**Material supplied**.

(* Let $X$ be a finite alphabet, $\#$ a symbol not in $X$, and $X^\# = X \cup \{\#\}$. Let $w \in (\overline{X^\#})^*$ be a word representing the identity in the polycyclic monoid $P(X^\#)$, and suppose $w = uv$. Then there exists a factorisation $v = st$ such that (i) either $t = \epsilon$ or $t$ begins with a negative generator, and (ii) the word $u \# s \#^{-1} t$ also represents the identity in $P(X^\#)$.
   Context: For an alphabet $Y$, $\overline{Y} = \{y, y^{-1} : y \in Y\}$; letters of $Y$ are positive generators and letters $y^{-1}$ negative generators. The polycyclic monoid $P(Y)$ is the monoid of partial functions on $Y^*$ (composed left to right: $fg$ means apply $f$ then $g$) generated by $y: z \mapsto zy$ (defined everywhere) and $y^{-1}: zy \mapsto z$ (defined on $Y^*y$), $y \in Y$; a word over $\overline{Y}$ represents the identity of $P(Y)$ exactly when it can be reduced to the empty word by successively deleting factors $yy^{-1}$ with $y \in Y$. $\epsilon$ denotes the empty word. *)

theory Defs
  imports Main
begin

text \<open>Signed generators: Pos y stands for y, Neg y for y^-1.\<close>
datatype 'a gen = Pos 'a | Neg 'a

fun gen_letter :: "'a gen \<Rightarrow> 'a" where
  "gen_letter (Pos y) = y"
| "gen_letter (Neg y) = y"

inductive red_step :: "'a gen list \<Rightarrow> 'a gen list \<Rightarrow> bool" where
  "red_step (a @ [Pos y, Neg y] @ b) (a @ b)"

text \<open>A word represents the identity of the polycyclic monoid iff it
  reduces to the empty word by successively deleting factors y y^-1.\<close>
definition represents_identity :: "'a gen list \<Rightarrow> bool" where
  "represents_identity w \<longleftrightarrow> red_step\<^sup>*\<^sup>* w []"

end

theory Submission
  imports Defs
begin

text \<open>Scanning a word from left to right and cancelling each y^-1 against a y on top
  of a stack computes its reduced form, so a word represents the identity iff the stack ends
  up empty. If u v does, then v splits into matched blocks y \<dots> y^-1, each of which
  represents the identity, followed by a remainder t that is empty or starts with a negative
  generator (a positive one would have to be matched later). Scanning u t leaves the same
  stack as scanning u v, so u t represents the identity; and since the prefix s of matched
  blocks does, # s #^-1 reduces to the empty word, whence u # s #^-1 t
  reduces to u t.\<close>

text \<open>The stack holds the reduced prefix read so far in reverse order.\<close>
fun push_gen :: "'a gen list \<Rightarrow> 'a gen \<Rightarrow> 'a gen list" where
  "push_gen S (Pos y) = Pos y # S"
| "push_gen (Pos z # S) (Neg y) = (if z = y then S else Neg y # Pos z # S)"
| "push_gen S (Neg y) = Neg y # S"

lemma push_gen_cases:
  "push_gen S x = x # S \<or> (\<exists>y S'. x = Neg y \<and> S = Pos y # S' \<and> push_gen S x = S')"
  by (cases "(S, x)" rule: push_gen.cases) auto

lemma red_step_foldl_push_gen:
  "red_step a b \<Longrightarrow> foldl push_gen S a = foldl push_gen S b"
  by (induction rule: red_step.induct) simp

lemma rtranclp_red_step_foldl_push_gen:
  "red_step\<^sup>*\<^sup>* a b \<Longrightarrow> foldl push_gen S a = foldl push_gen S b"
  by (induction rule: rtranclp_induct) (auto dest: red_step_foldl_push_gen[where S = S])

lemma rtranclp_red_step_foldl_push_gen_rev:
  "red_step\<^sup>*\<^sup>* (rev S @ w) (rev (foldl push_gen S w))"
proof (induction w arbitrary: S)
  case Nil
  then show ?case by simp
next
  case (Cons x w)
  have "red_step\<^sup>*\<^sup>* (rev S @ x # w) (rev (push_gen S x) @ w)"
    using push_gen_cases[of S x]
  proof
    assume "push_gen S x = x # S"
    then show ?thesis by simp
  next
    assume "\<exists>y S'. x = Neg y \<and> S = Pos y # S' \<and> push_gen S x = S'"
    then obtain y S' where "x = Neg y" "S = Pos y # S'" "push_gen S x = S'"
      by blast
    then show ?thesis
      using red_step.intros[of "rev S'" y w] by simp
  qed
  then show ?case
    using Cons.IH[of "push_gen S x"] by simp
qed

lemma represents_identity_iff_foldl_push_gen:
  "represents_identity w \<longleftrightarrow> foldl push_gen [] w = []"
  unfolding represents_identity_def
  using rtranclp_red_step_foldl_push_gen[of w "[]" "[]"]
    rtranclp_red_step_foldl_push_gen_rev[of "[]" w]
  by auto

lemma represents_identity_foldl_push_gen:
  "represents_identity s \<Longrightarrow> foldl push_gen S s = S"
  unfolding represents_identity_def
  by (simp add: rtranclp_red_step_foldl_push_gen)

lemma rtranclp_red_step_context:
  "red_step\<^sup>*\<^sup>* a b \<Longrightarrow> red_step\<^sup>*\<^sup>* (l @ a @ r) (l @ b @ r)"
proof (induction rule: rtranclp_induct)
  case (step b c)
  from \<open>red_step b c\<close> have "red_step (l @ b @ r) (l @ c @ r)"
    by cases (metis append.assoc red_step.intros)
  with step.IH show ?case by simp
qed simp

lemma represents_identity_delete_context:
  "represents_identity s \<Longrightarrow> red_step\<^sup>*\<^sup>* (l @ s @ r) (l @ r)"
  unfolding represents_identity_def
  using rtranclp_red_step_context by fastforce

lemma represents_identity_matched_block:
  assumes "represents_identity s1" and "represents_identity s2"
  shows "represents_identity (Pos y # s1 @ Neg y # s2)"
  using assms by (simp add: represents_identity_iff_foldl_push_gen
      represents_identity_foldl_push_gen)

lemma Neg_in_foldl_push_gen:
  "Neg z \<in> set S \<Longrightarrow> Neg z \<in> set (foldl push_gen S w)"
proof (induction w arbitrary: S)
  case (Cons x w)
  have "Neg z \<in> set (push_gen S x)"
    using push_gen_cases[of S x] Cons.prems by (metis gen.distinct(1) set_ConsD set_subset_Cons subsetD)
  then show ?case
    using Cons.IH by simp
qed simp

text \<open>A negative letter other than y^-1 met before y is popped would never leave
  the stack.\<close>
lemma foldl_push_gen_Pos_Nil_decomp:
  "foldl push_gen (Pos y # S) r = [] \<Longrightarrow>
    \<exists>s r'. r = s @ Neg y # r' \<and> represents_identity s \<and> foldl push_gen S r' = []"
proof (induction r arbitrary: y S rule: length_induct)
  case (1 r)
  then obtain x r1 where r: "r = x # r1"
    by (cases r) auto
  show ?case
  proof (cases x)
    case (Pos z)
    with "1.prems" r have "foldl push_gen (Pos z # Pos y # S) r1 = []"
      by simp
    with "1.IH" r obtain s1 r2 where
      r1: "r1 = s1 @ Neg z # r2" and s1: "represents_identity s1"
      and r2: "foldl push_gen (Pos y # S) r2 = []"
      by fastforce
    have "length r2 < length r"
      using r r1 by simp
    with r2 "1.IH" obtain s2 r' where
      "r2 = s2 @ Neg y # r'" "represents_identity s2" "foldl push_gen S r' = []"
      by blast
    with r Pos r1 s1 show ?thesis
      by (intro exI[of _ "Pos z # s1 @ Neg z # s2"] exI[of _ r'])
        (simp add: represents_identity_matched_block)
  next
    case (Neg z)
    have "z = y"
    proof (rule ccontr)
      assume "z \<noteq> y"
      with "1.prems" r Neg have "foldl push_gen (Neg z # Pos y # S) r1 = []"
        by simp
      with Neg_in_foldl_push_gen[of z "Neg z # Pos y # S" r1] show False
        by simp
    qed
    with "1.prems" r Neg show ?thesis
      by (intro exI[of _ "[]"] exI[of _ r1]) (simp add: represents_identity_def)
  qed
qed

lemma foldl_push_gen_Nil_decomp:
  "foldl push_gen S v = [] \<Longrightarrow>
    \<exists>s t. v = s @ t \<and> (t = [] \<or> (\<exists>y r. t = Neg y # r))
      \<and> represents_identity s \<and> foldl push_gen S t = []"
proof (induction v arbitrary: S rule: length_induct)
  case (1 v)
  show ?case
  proof (cases v)
    case (Cons x r)
    show ?thesis
    proof (cases x)
      case (Pos y)
      with "1.prems" Cons obtain s1 r' where
        r: "r = s1 @ Neg y # r'" and s1: "represents_identity s1"
        and r': "foldl push_gen S r' = []"
        using foldl_push_gen_Pos_Nil_decomp by fastforce
      have "length r' < length v"
        using Cons r by simp
      with r' "1.IH" obtain s2 t where
        "r' = s2 @ t" "t = [] \<or> (\<exists>y r. t = Neg y # r)"
        "represents_identity s2" "foldl push_gen S t = []"
        by blast
      with Cons Pos r s1 show ?thesis
        by (intro exI[of _ "Pos y # s1 @ Neg y # s2"] exI[of _ t])
          (simp add: represents_identity_matched_block)
    next
      case (Neg y)
      with "1.prems" Cons show ?thesis
        by (intro exI[of _ "[]"] exI[of _ v]) (simp add: represents_identity_def)
    qed
  qed (use "1.prems" in \<open>simp add: represents_identity_def\<close>)
qed

lemma represents_identity_append_decomp:
  assumes "represents_identity (u @ v)"
  shows "\<exists>s t. v = s @ t \<and> (t = [] \<or> (\<exists>y r. t = Neg y # r))
           \<and> represents_identity s \<and> represents_identity (u @ t)"
  using assms foldl_push_gen_Nil_decomp[of "foldl push_gen [] u" v]
  by (simp add: represents_identity_iff_foldl_push_gen)

theorem lemma4p9:
  fixes X :: "'a set" and h :: 'a and w u v :: "'a gen list"
  assumes "finite X"
    and "h \<notin> X"
    and "gen_letter ` set w \<subseteq> insert h X"
    and "represents_identity w"
    and "w = u @ v"
  shows "\<exists>s t. v = s @ t \<and> (t = [] \<or> (\<exists>y r. t = Neg y # r))
           \<and> represents_identity (u @ [Pos h] @ s @ [Neg h] @ t)"
proof -
  from assms(4,5) obtain s t where
    v: "v = s @ t" and t: "t = [] \<or> (\<exists>y r. t = Neg y # r)"
    and s: "represents_identity s" and ut: "represents_identity (u @ t)"
    using represents_identity_append_decomp by blast
  have "red_step\<^sup>*\<^sup>* (u @ [Pos h] @ s @ [Neg h] @ t) (u @ [Pos h] @ [Neg h] @ t)"
    using represents_identity_delete_context[OF s, of "u @ [Pos h]" "[Neg h] @ t"] by simp
  also have "red_step (u @ [Pos h] @ [Neg h] @ t) (u @ t)"
    using red_step.intros[of u h t] by simp
  also have "red_step\<^sup>*\<^sup>* (u @ t) []"
    using ut unfolding represents_identity_def .
  finally show ?thesis
    using v t unfolding represents_identity_def by blast
qed

end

**Work required**. Scan the material line by line and report each one that contains "prefix".

**Answer**.
  stack as scanning u v, so u t represents the identity; and since the prefix s of matched
text \<open>The stack holds the reduced prefix read so far in reverse order.\<close>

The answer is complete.